Goldpinger makes calls between its instances for visibility and alerting. It runs as a DaemonSet on Kubernetes and produces Prometheus metrics that can be scraped, visualized and alerted on.

GoldPinger

Goldpinger runs as a kubernetes pod and gathers the nodes reaching kubernetes-api.

Status metrics can be ported to prometheus for visualization as shown below:

Goldpinger Visualization
Goldpinger Visualization

Locust

Locust is a distributed load testing tool which enables users to run load tests on distributed deployments. Locust supports a distributed mode (one master and multiple slave nodes).

Locust runs on Kubernetes as a daemonset:

A sample use-case would be, if a user have a large three tier application architecture running on Kubernetes with multiple replicas and user is interested in doing a load test on the webservers under a faulty condition where some of the replicas go bad which provides users to estimate how hard their application can withstand a disaster scenario. Here Powerfulseal kills the pods and nodes and Locust constantly performs the load test based on the number of users to simulate and spawns .

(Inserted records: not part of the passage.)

(* Let $Y=(\ell_2,|||\cdot|||)$ be the renorming of $\ell_2$ described in the context. Then $e_1$ and $e_1+e_n$ ($n\ge2$) are extreme points of $B_Y$, and $e_1^*$ and $e_1^*-2e_n^*$ ($n\ge2$) are extreme points of $B_{Y^*}$.
   Context: Let $(e_n)$ be the unit vector basis of $\ell_2$ and $(e_n^* )$ the biorthogonal functionals (identified with elements of $\ell_2$ via the standard duality). Define an equivalent norm $\|\cdot\|$ on $\ell_2$ whose unit ball is the $\|\cdot\|_2$-closed convex hull of $B_{\ell_2}\cup\{\pm(e_1+e_n):n\ge2\}$. For $x=\sum_n x_ne_n$ put $|||x|||=\max\{\|x\|,\sup_{n\ge2}|x_1-2x_n|\}$ and $Y=(\ell_2,|||\cdot|||)$; $Y^*$ carries the dual norm. *)

theory Defs
  imports "HOL-Analysis.Analysis"
begin

text \<open>Sequences are indexed by nat; coordinate 0 is unused (forced to 0) so that
  the unit vectors e 1, e 2, ... match the paper's indexing.\<close>

definition ell2 :: "(nat \<Rightarrow> real) set" where
  "ell2 = {x. x 0 = 0 \<and> summable (\<lambda>n. (x n)\<^sup>2)}"

definition l2norm :: "(nat \<Rightarrow> real) \<Rightarrow> real" where
  "l2norm x = sqrt (\<Sum>n. (x n)\<^sup>2)"

definition unitvec :: "nat \<Rightarrow> nat \<Rightarrow> real" ("e") where
  "e n = (\<lambda>j. if j = n then 1 else 0)"

definition pairing :: "(nat \<Rightarrow> real) \<Rightarrow> (nat \<Rightarrow> real) \<Rightarrow> real" where
  "pairing y x = (\<Sum>n. y n * x n)"

definition seq_convex_hull :: "(nat \<Rightarrow> real) set \<Rightarrow> (nat \<Rightarrow> real) set" where
  "seq_convex_hull S = {x. \<exists>(k::nat) (c::nat \<Rightarrow> real) (p::nat \<Rightarrow> nat \<Rightarrow> real).
      (\<forall>i<k. 0 \<le> c i \<and> p i \<in> S) \<and> (\<Sum>i<k. c i) = 1 \<and>
      x = (\<lambda>j. \<Sum>i<k. c i * p i j)}"

definition l2_closure :: "(nat \<Rightarrow> real) set \<Rightarrow> (nat \<Rightarrow> real) set" where
  "l2_closure S = {x \<in> ell2. \<forall>\<epsilon>>0. \<exists>y\<in>S. l2norm (\<lambda>j. x j - y j) < \<epsilon>}"

definition B_ell2 :: "(nat \<Rightarrow> real) set" where
  "B_ell2 = {x \<in> ell2. l2norm x \<le> 1}"

definition Kball :: "(nat \<Rightarrow> real) set" where
  "Kball = l2_closure (seq_convex_hull (B_ell2 \<union>
     {(\<lambda>j. s * (e 1 j + e n j)) | s n. s \<in> {1, -1} \<and> n \<ge> 2}))"

definition knorm :: "(nat \<Rightarrow> real) \<Rightarrow> real" where
  "knorm x = Inf {t. t > 0 \<and> (\<lambda>j. x j / t) \<in> Kball}"

definition ynorm :: "(nat \<Rightarrow> real) \<Rightarrow> real" where
  "ynorm x = max (knorm x) (SUP n\<in>{2..}. \<bar>x 1 - 2 * x n\<bar>)"

definition B_Y :: "(nat \<Rightarrow> real) set" where
  "B_Y = {x \<in> ell2. ynorm x \<le> 1}"

text \<open>Dual norm, with Y* identified with ell2 via the standard duality.\<close>
definition ydualnorm :: "(nat \<Rightarrow> real) \<Rightarrow> real" where
  "ydualnorm y = (SUP x\<in>B_Y. pairing y x)"

definition B_Ydual :: "(nat \<Rightarrow> real) set" where
  "B_Ydual = {y \<in> ell2. ydualnorm y \<le> 1}"

definition is_extreme_point :: "(nat \<Rightarrow> real) \<Rightarrow> (nat \<Rightarrow> real) set \<Rightarrow> bool" where
  "is_extreme_point x S \<longleftrightarrow> x \<in> S \<and>
     \<not> (\<exists>a\<in>S. \<exists>b\<in>S. a \<noteq> b \<and> (\<exists>t. 0 < t \<and> t < 1 \<and> x = (\<lambda>j. (1 - t) * a j + t * b j)))"

end

theory Submission
  imports Defs
begin

text \<open>Every x in B_Y satisfies x 1 \<le> 1 and |x 1 - 2 x n| \<le> 1 for n \<ge> 2, so on the face
  x 1 = 1 all further coordinates lie in [0, 1]; a point of that face whose coordinates are
  vertices of these intervals cannot be a proper convex combination. Dually, testing a
  functional y in B_Y* against e 1, e 1 + e n and -e n / 2, which all lie in B_Y, gives
  y 1 \<le> 1, y 1 + y n \<le> 1 and y n \<ge> -2, so on the face y 1 = 1 the coordinates lie in
  [-2, 0] and the same argument applies. The only analytic input is that B_Y is bounded in
  ell2, which makes the supremum defining the dual norm finite.\<close>

lemma convex_comb_eq_upper_bound:
  fixes u v c t :: real
  assumes "u \<le> c" "v \<le> c" "0 < t" "t < 1" "(1 - t) * u + t * v = c"
  shows "u = c \<and> v = c"
proof -
  have "(1 - t) * (c - u) + t * (c - v) = 0" using assms(5) by (simp add: algebra_simps)
  moreover have "(1 - t) * (c - u) \<ge> 0" "t * (c - v) \<ge> 0" using assms by auto
  ultimately have "(1 - t) * (c - u) = 0" "t * (c - v) = 0" by linarith+
  then show ?thesis using assms by auto
qed

lemma convex_comb_eq_lower_bound:
  fixes u v c t :: real
  assumes "c \<le> u" "c \<le> v" "0 < t" "t < 1" "(1 - t) * u + t * v = c"
  shows "u = c \<and> v = c"
  using convex_comb_eq_upper_bound[of "-u" "-c" "-v" t] assms by (simp add: algebra_simps)

lemma is_extreme_point_coordinate_face:
  assumes x: "x \<in> S"
    and top: "\<And>a. a \<in> S \<Longrightarrow> a k \<le> x k"
    and box: "\<And>a j. a \<in> S \<Longrightarrow> a k = x k \<Longrightarrow> j \<noteq> k \<Longrightarrow> lo j \<le> a j \<and> a j \<le> hi j"
    and vertex: "\<And>j. j \<noteq> k \<Longrightarrow> x j = lo j \<or> x j = hi j"
  shows "is_extreme_point x S"
  unfolding is_extreme_point_def
proof (intro conjI x notI)
  assume "\<exists>a\<in>S. \<exists>b\<in>S. a \<noteq> b \<and> (\<exists>t. 0 < t \<and> t < 1 \<and> x = (\<lambda>j. (1 - t) * a j + t * b j))"
  then obtain a b t where ab: "a \<in> S" "b \<in> S" "a \<noteq> b" and t: "0 < t" "t < 1"
    and comb: "\<And>j. (1 - t) * a j + t * b j = x j"
    by (metis (no_types, lifting))
  have k: "a k = x k" "b k = x k"
    using convex_comb_eq_upper_bound[OF top[OF ab(1)] top[OF ab(2)] t comb] by auto
  have "a j = b j" for j
  proof (cases "j = k")
    case False
    have "lo j \<le> a j" "a j \<le> hi j" "lo j \<le> b j" "b j \<le> hi j"
      using box[OF ab(1) k(1) False] box[OF ab(2) k(2) False] by auto
    with vertex[OF False] comb[of j] t show ?thesis
      using convex_comb_eq_lower_bound[of "lo j" "a j" "b j" t]
        convex_comb_eq_upper_bound[of "a j" "hi j" "b j" t] by auto
  qed (use k in simp)
  then show False using ab(3) by auto
qed

lemma summable_square_finite_support:
  fixes x :: "nat \<Rightarrow> real"
  assumes "finite F" "\<And>j. j \<notin> F \<Longrightarrow> x j = 0"
  shows "summable (\<lambda>j. (x j)\<^sup>2)" "(\<Sum>j. (x j)\<^sup>2) = (\<Sum>j\<in>F. (x j)\<^sup>2)"
  using summable_finite[OF assms(1), of "\<lambda>j. (x j)\<^sup>2"] suminf_finite[OF assms(1), of "\<lambda>j. (x j)\<^sup>2"]
    assms(2) by auto

lemma ell2_finite_support:
  assumes "x 0 = 0" "finite F" "\<And>j. j \<notin> F \<Longrightarrow> x j = 0"
  shows "x \<in> ell2"
  using summable_square_finite_support[OF assms(2,3)] assms(1) by (simp add: ell2_def)

lemma pairing_finite_support:
  assumes "finite F" "\<And>j. j \<notin> F \<Longrightarrow> y j * x j = 0"
  shows "pairing y x = (\<Sum>j\<in>F. y j * x j)"
  unfolding pairing_def by (rule suminf_finite) (use assms in auto)

lemma summable_square_imp_LIMSEQ_zero:
  fixes x :: "nat \<Rightarrow> real"
  assumes "summable (\<lambda>n. (x n)\<^sup>2)"
  shows "x \<longlonglongrightarrow> 0"
proof -
  have "(\<lambda>n. sqrt ((x n)\<^sup>2)) \<longlonglongrightarrow> sqrt 0"
    by (rule tendsto_real_sqrt) (rule summable_LIMSEQ_zero[OF assms])
  then have "(\<lambda>n. \<bar>x n\<bar>) \<longlonglongrightarrow> 0" by simp
  then show ?thesis by (rule tendsto_rabs_zero_cancel)
qed

lemma sum_squares_add_le:
  fixes x y :: "nat \<Rightarrow> real"
  assumes x: "summable (\<lambda>j. (x j)\<^sup>2)" and y: "summable (\<lambda>j. (y j)\<^sup>2)"
  shows "summable (\<lambda>j. (x j + y j)\<^sup>2)"
    "(\<Sum>j. (x j + y j)\<^sup>2) \<le> 2 * (\<Sum>j. (x j)\<^sup>2) + 2 * (\<Sum>j. (y j)\<^sup>2)"
proof -
  have le: "(x j + y j)\<^sup>2 \<le> 2 * (x j)\<^sup>2 + 2 * (y j)\<^sup>2" for j
    using sum_squares_ge_zero[of "x j - y j" 0] by (simp add: power2_eq_square algebra_simps)
  have bound: "summable (\<lambda>j. 2 * (x j)\<^sup>2 + 2 * (y j)\<^sup>2)"
    by (intro summable_add summable_mult x y)
  show sum: "summable (\<lambda>j. (x j + y j)\<^sup>2)"
    by (rule summable_comparison_test'[OF bound, of 0]) (simp add: le)
  have "(\<Sum>j. (x j + y j)\<^sup>2) \<le> (\<Sum>j. 2 * (x j)\<^sup>2 + 2 * (y j)\<^sup>2)"
    by (rule suminf_le[OF le sum bound])
  also have "\<dots> = 2 * (\<Sum>j. (x j)\<^sup>2) + 2 * (\<Sum>j. (y j)\<^sup>2)"
    using x y by (simp add: suminf_add[symmetric] suminf_mult summable_mult)
  finally show "(\<Sum>j. (x j + y j)\<^sup>2) \<le> 2 * (\<Sum>j. (x j)\<^sup>2) + 2 * (\<Sum>j. (y j)\<^sup>2)" .
qed

lemma pairing_le_half_sum_squares:
  assumes a: "summable (\<lambda>j. (a j)\<^sup>2)" and x: "summable (\<lambda>j. (x j)\<^sup>2)"
  shows "pairing a x \<le> ((\<Sum>j. (a j)\<^sup>2) + (\<Sum>j. (x j)\<^sup>2)) / 2"
proof -
  have le: "\<bar>a j * x j\<bar> \<le> ((a j)\<^sup>2 + (x j)\<^sup>2) / 2" for j
    using sum_squares_ge_zero[of "\<bar>a j\<bar> - \<bar>x j\<bar>" 0]
    by (simp add: power2_eq_square algebra_simps abs_mult)
  have bound: "summable (\<lambda>j. ((a j)\<^sup>2 + (x j)\<^sup>2) / 2)"
    by (intro summable_divide summable_add a x)
  have "summable (\<lambda>j. a j * x j)"
    by (rule summable_comparison_test'[OF bound, of 0]) (simp only: real_norm_def le)
  then have "pairing a x \<le> (\<Sum>j. ((a j)\<^sup>2 + (x j)\<^sup>2) / 2)"
    unfolding pairing_def by (rule suminf_le[rotated]) (use bound le abs_ge_self order_trans in blast)+
  also have "\<dots> = ((\<Sum>j. (a j)\<^sup>2) + (\<Sum>j. (x j)\<^sup>2)) / 2"
    using suminf_divide[OF summable_add[OF a x], of 2] suminf_add[OF a x] by simp
  finally show ?thesis .
qed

For example, taking an application with client and application architecture. Locust can distribute requests to the /login and /metrics target paths. There are many load generation software packages available, including JMeter, Gatling, and Tsung — any one of which might better suit your project’s needs.

Configuration can be provided as a config-map to the container running on kubernetes:

data:
locustfile.py: |
from locust import HttpLocust, TaskSet, task

    class UserTasks(TaskSet):
        @task
def index(self):
self.client.get("/")
        @task
def stats(self):
self.client.get("/stats/requests")

    class WebsiteUser(HttpLocust):
task_set = UserTasks
and attacker target can be provided using the configuration:
ATTACKED_HOST: http://locust-master:8089
Load Testing with Locust
Locust Load Tests Visualization

Building the most effective system requires experimentation. Chaos engineering allows users to run specific scenarios that could happen at any time while a product or service is live. Gaining insight into system problems before-hand also creates a better production environment. Systems design is an another aspect that can be profited by Choas engineering as users will get enough data how a fault-tolerant system should look like. Everyone will know what to look for in the future, and what systems might be vulnerable. So chaos is not bad in all aspects!!